In contrast, early qualitative evaluations of Gemini reveal its remarkable ability to perform crossmodal reasoning. For instance, in educational settings, Gemini can understand complex problems in physics, converting them into mathematical formulas, and providing correct solutions. This ability opens up transformative pathways in education as well as other fields.
Traditional LLMs are typically not very good at math, so the reasoning capabilities of the Gemini family of multimodal LLMs deserve some attention.
In another benchmark test focused on multimodal language understanding, Gemini Ultra achieved over 90% accuracy, surpassing other existing models. Google claims that human preference tests also showed a clear preference for Gemini over models like PaLM 2 in areas like creative writing.

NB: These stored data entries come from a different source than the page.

lemma lrel_diagram_system:
  "lrel diagram_system = {(p, q). p \<in> ldom diagram_system \<and> q \<in> ldom diagram_system \<and> fst p = fst q}"
  using diagram_index_directed by (auto simp: lrel_def ldom_diagram_system) (auto simp: diagram_system_def)

definition diagram_class :: "'a \<Rightarrow> ('a \<times> ('f set \<times> 'c set \<times> 'a set)) set" where
  "diagram_class x = {q \<in> ldom diagram_system. fst q = x}"

lemma Image_lrel_diagram_system:
  "p \<in> ldom diagram_system \<Longrightarrow> lrel diagram_system `` {p} = diagram_class (fst p)"
  unfolding lrel_diagram_system diagram_class_def by auto

lemma map_Image_lrel_diagram_system:
  assumes "i \<in> diagram_index" and "set xs \<subseteq> snd (snd i)"
  shows "map (\<lambda>y. lrel diagram_system `` {(y, i)}) xs = map diagram_class xs"
proof (rule map_cong[OF refl])
  fix y assume "y \<in> set xs"
  with assms have "(y, i) \<in> ldom diagram_system" by (auto simp: ldom_diagram_system)
  then show "lrel diagram_system `` {(y, i)} = diagram_class y" by (simp add: Image_lrel_diagram_system)
qed

lemma singleton_in_ldom_diagram_system: "x \<in> alg_univ C \<Longrightarrow> (x, ({}, {}, {x})) \<in> ldom diagram_system"
  by (simp add: ldom_diagram_system diagram_index_def)

lemma inj_on_diagram_class: "inj_on diagram_class (alg_univ C)"
proof (rule inj_onI)
  fix x y assume x: "x \<in> alg_univ C" and eq: "diagram_class x = diagram_class y"
  from x have "(x, ({}, {}, {x})) \<in> diagram_class x"
    using singleton_in_ldom_diagram_system by (simp add: diagram_class_def)
  then have "(x, ({}, {}, {x})) \<in> diagram_class y" by (simp add: eq)
  then show "x = y" by (simp add: diagram_class_def)
qed

lemma quotient_diagram_system: "ldom diagram_system // lrel diagram_system = diagram_class ` alg_univ C"
proof -
  have "ldom diagram_system // lrel diagram_system = (\<lambda>p. diagram_class (fst p)) ` ldom diagram_system"
    unfolding quotient_def by (auto simp: Image_lrel_diagram_system)
  also have "\<dots> = diagram_class ` fst ` ldom diagram_system" by (simp add: image_image)
  also have "fst ` ldom diagram_system = alg_univ C"
    using singleton_in_ldom_diagram_system by (force simp: ldom_diagram_system diagram_index_def)
  finally show ?thesis .
qed

context
  assumes C: "is_alg Fs ar Cs C"
begin

lemma limit_alg_op_diagram_system:
  assumes F: "F \<in> Fs" and xs: "set xs \<subseteq> alg_univ C" "length xs = ar F"
  shows "alg_op (limit_alg ar diagram_system) F (map diagram_class xs) = diagram_class (alg_op C F xs)"
proof -
  define P where "P q \<longleftrightarrow> (\<exists>i ys. i \<in> diagram_index \<and> snd q \<in> diagram_index \<and> i \<le> snd q \<and>
     set ys \<subseteq> snd (snd i) \<and> length ys = ar F \<and>
     map (\<lambda>y. lrel diagram_system `` {(y, i)}) ys = map diagram_class xs \<and>
     Eq (App F (map Var ys)) (Var (fst q)) \<in> alg_diagram ar C (fst (snd q)) (fst (snd (snd q))) (snd (snd (snd q))))"
    for q
  have opC: "alg_op C F xs \<in> alg_univ C" using C F xs unfolding is_alg_def by auto
  define j where "j = ({F}, {} :: 'c set, insert (alg_op C F xs) (set xs))"
  have j: "j \<in> diagram_index" using F xs opC by (auto simp: j_def diagram_index_def)
  have "P (alg_op C F xs, j)"
    unfolding P_def using j xs map_Image_lrel_diagram_system[OF j, of xs]
    by (intro exI[of _ j] exI[of _ xs]) (auto simp: j_def alg_diagram_def diagram_literals_def comp_def)
  moreover have "lrel diagram_system `` {q} = diagram_class (alg_op C F xs)" if "P q" for q
  proof -
    obtain i ys where i: "i \<in> diagram_index" "snd q \<in> diagram_index" "set ys \<subseteq> snd (snd i)"
      and eq: "map (\<lambda>y. lrel diagram_system `` {(y, i)}) ys = map diagram_class xs"
      and lit: "Eq (App F (map Var ys)) (Var (fst q)) \<in> alg_diagram ar C (fst (snd q)) (fst (snd (snd q))) (snd (snd (snd q)))"
      using \<open>P q\<close> unfolding P_def by blast
    have "set ys \<subseteq> alg_univ C" using i(1,3) unfolding diagram_index_def by fastforce
    moreover have "map diagram_class ys = map diagram_class xs"
      using eq map_Image_lrel_diagram_system[OF i(1,3)] by simp
    ultimately have "ys = xs"
      using inj_on_diagram_class xs(1) by (simp add: inj_on_map_eq_map inj_on_subset)
    moreover have "alg_op C F ys = fst q"
      and lit': "Eq (App F (map Var ys)) (Var (fst q)) \<in> diagram_literals ar (fst (snd q)) (fst (snd (snd q))) (snd (snd (snd q)))"
      using lit by (auto simp: alg_diagram_def comp_def)
    moreover have "q \<in> ldom diagram_system"
      using i(2) vars_diagram_literals[OF lit'] by (simp add: ldom_diagram_system case_prod_beta)
    ultimately show ?thesis using Image_lrel_diagram_system by simp
  qed
  ultimately have "lrel diagram_system `` {SOME q. P q} = diagram_class (alg_op C F xs)"
    by (metis someI)
  then show ?thesis unfolding limit_alg_def P_def by (simp add: diagram_system_def)
qed

lemma limit_alg_cst_diagram_system:
  assumes c: "c \<in> Cs"
  shows "alg_cst (limit_alg ar diagram_system) c = diagram_class (alg_cst C c)"
proof -
  define P where "P p \<longleftrightarrow> p \<in> ldom diagram_system \<and>
     Eq (Var (fst p)) (Cst c) \<in> alg_diagram ar C (fst (snd p)) (fst (snd (snd p))) (snd (snd (snd p)))" for p
  have "alg_cst C c \<in> alg_univ C" using C c unfolding is_alg_def by auto
  then have "P (alg_cst C c, ({}, {c}, {alg_cst C c}))"
    using c by (auto simp: P_def ldom_diagram_system diagram_index_def alg_diagram_def diagram_literals_def)
  moreover have "lrel diagram_system `` {p} = diagram_class (alg_cst C c)" if "P p" for p
    using that Image_lrel_diagram_system by (auto simp: P_def alg_diagram_def)
  ultimately have "lrel diagram_system `` {SOME p. P p} = diagram_class (alg_cst C c)"
    by (metis someI)
  then show ?thesis unfolding limit_alg_def P_def by (simp add: diagram_system_def)
qed

lemma alg_iso_diagram_class: "alg_iso Fs ar Cs C (limit_alg ar diagram_system) diagram_class"
  unfolding alg_iso_def bij_betw_def
  using inj_on_diagram_class quotient_diagram_system limit_alg_op_diagram_system
    limit_alg_cst_diagram_system
  by (simp add: limit_alg_def)

lemma limit_over_diagram_system:
  assumes Th: "Th_ex Fs ar Cs C \<subseteq> Th_ex Fs ar Cs B"
  shows "limit_over Fs ar Cs B diagram_system"
  unfolding limit_over_def
proof (intro conjI ballI direct_system_diagram_system[OF C])
  fix i assume "i \<in> dI diagram_system"
  then obtain LF LC X where i: "i = (LF, LC, X)" "finite LF" "LF \<subseteq> Fs" "finite LC" "LC \<subseteq> Cs"
    "finite X" "X \<subseteq> alg_univ C"
    by (auto simp: diagram_system_def diagram_index_def)
  have "\<exists>b. b ` X \<subseteq> alg_univ B \<and> (\<forall>\<phi>\<in>alg_diagram ar C LF LC X. sat B b \<phi>)"
    using C i finite_diagram_literals[of LF LC X ar]
    by (intro Th_ex_transfer_literals[OF Th, where a = id])
       (auto simp: is_alg_def alg_diagram_def intro: finite_subset)
  then show "\<exists>b. b ` dX diagram_system i \<subseteq> alg_univ B \<and> (\<forall>\<phi>\<in>dphi diagram_system i. sat B b \<phi>)"
    by (simp add: diagram_system_def i)
qed

end

end

theorem mainTheorem13:
  fixes Fs :: "'f set" and ar :: "'f \<Rightarrow> nat" and Cs :: "'c set"
    and B :: "('f, 'c, 'b) alg" and C :: "('f, 'c, 'a) alg"
  assumes "is_alg Fs ar Cs B" and "is_alg Fs ar Cs C"
    and "Th_ex Fs ar Cs C \<subseteq> Th_ex Fs ar Cs B"
  shows "\<exists>D :: ('f set \<times> 'c set \<times> 'a set, 'f, 'c, 'a) dsys.
           limit_over Fs ar Cs B D \<and> (\<exists>h. alg_iso Fs ar Cs C (limit_alg ar D) h)"
  using limit_over_diagram_system[OF assms(2,3)] alg_iso_diagram_class[OF assms(2)] by blast

end
theorem proposition1p6:
  fixes M :: "'a measure" and p :: real and Y :: "real \<Rightarrow> ereal"
    and Ys :: "nat \<Rightarrow> real \<Rightarrow> ereal" and f :: "'a \<Rightarrow> real"
  assumes "emeasure M (space M) = 1"
    and "p \<ge> 1"
    and "Y \<in> W_plus p"
    and "\<And>k. normalized_young_weight (Ys k)"
    and "unif_conv_compact Ys Y"
    and "f \<in> borel_measurable M"
    and "\<exists>B. \<forall>x\<in>space M. \<bar>f x\<bar> \<le> B"
  shows "in_orlicz Y M f \<and> (\<forall>k. in_orlicz (Ys k) M f) \<and>
         (\<lambda>k. orlicz_norm (Ys k) M f) \<longlonglongrightarrow> orlicz_norm Y M f"
proof -
  obtain B where B: "\<forall>x\<in>space M. \<bar>f x\<bar> \<le> B"
    using assms(7) by blast
  interpret prob_space M
    using assms(1) by (rule prob_spaceI)
  interpret bounded_prob_function M f "\<bar>B\<bar> + 1"
    by unfold_locales (use assms(6) B in auto)
  have Y: "normalized_young_weight Y"
    using W_plus_young_weight[OF assms(3)] .
  have "(\<lambda>k. orlicz_norm (Ys k) M f) \<longlonglongrightarrow> orlicz_norm Y M f"
    unfolding orlicz_norm_eq_Inf_modular
  proof (rule tendsto_Inf_sublevel)
    show "orlicz_modular (Ys k) M f r \<le> orlicz_modular (Ys k) M f s" if "0 < s" "s \<le> r" for k s r
      using orlicz_modular_antimono[OF assms(4) that] .
    show "(\<lambda>k. orlicz_modular (Ys k) M f r) \<longlonglongrightarrow> orlicz_modular Y M f r" if "0 < r" for r
      using orlicz_modular_tendsto[OF assms(3,4,5) that] .
    show "(\<lambda>k. e2ennreal (Ys k 1)) \<longlonglongrightarrow> e2ennreal (Y 1)"
      using tendsto_young_weight_at[OF assms(5,4) Y young_weight_one_finite[OF Y]] .
    show "orlicz_modular Y M f r < e2ennreal (Y 1)"
      if "0 < s" "s < r" "orlicz_modular Y M f s \<le> e2ennreal (Y 1)" for s r
      using orlicz_modular_leaves_level[OF assms(3,2) that] .
    show "\<exists>r>0. orlicz_modular (Ys k) M f r \<le> e2ennreal (Ys k 1)" for k
      using B_in_sublevel[OF assms(4)] B_pos by blast
    show "\<exists>r>0. orlicz_modular Y M f r \<le> e2ennreal (Y 1)"
      using B_in_sublevel[OF Y] B_pos by blast
  qed
  then show ?thesis
    using in_orlicz_bounded Y assms(4) by blast
qed

end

The smaller service, Gemini Nano, is engineered for on-device efficiency, excelling in summarization, reading comprehension, and various reasoning tasks. Despite its smaller size, Gemini Nano shows remarkable performance in comparison to the larger Gemini Pro model. This means Gemini might become the preferred AI to power mobile assistants that can or must work offline.
Gemini looks like a very strong debut, by any measure. And as Google’s AI capabilities are improved, their versatility could enable new applications across many domains. For now, however, further real-world testing is required to determine its realistic performance levels.
Users can test a fine-tuned version of Gemini Pro today with Bard. Gemini Ultra will be released next year in a new version of Google’s chatbot called Bard Advanced. Google ultimately expects to launch Gemini in over 170 different languages and use the technology to power its Pixel Lineup and the Search Generative Experience.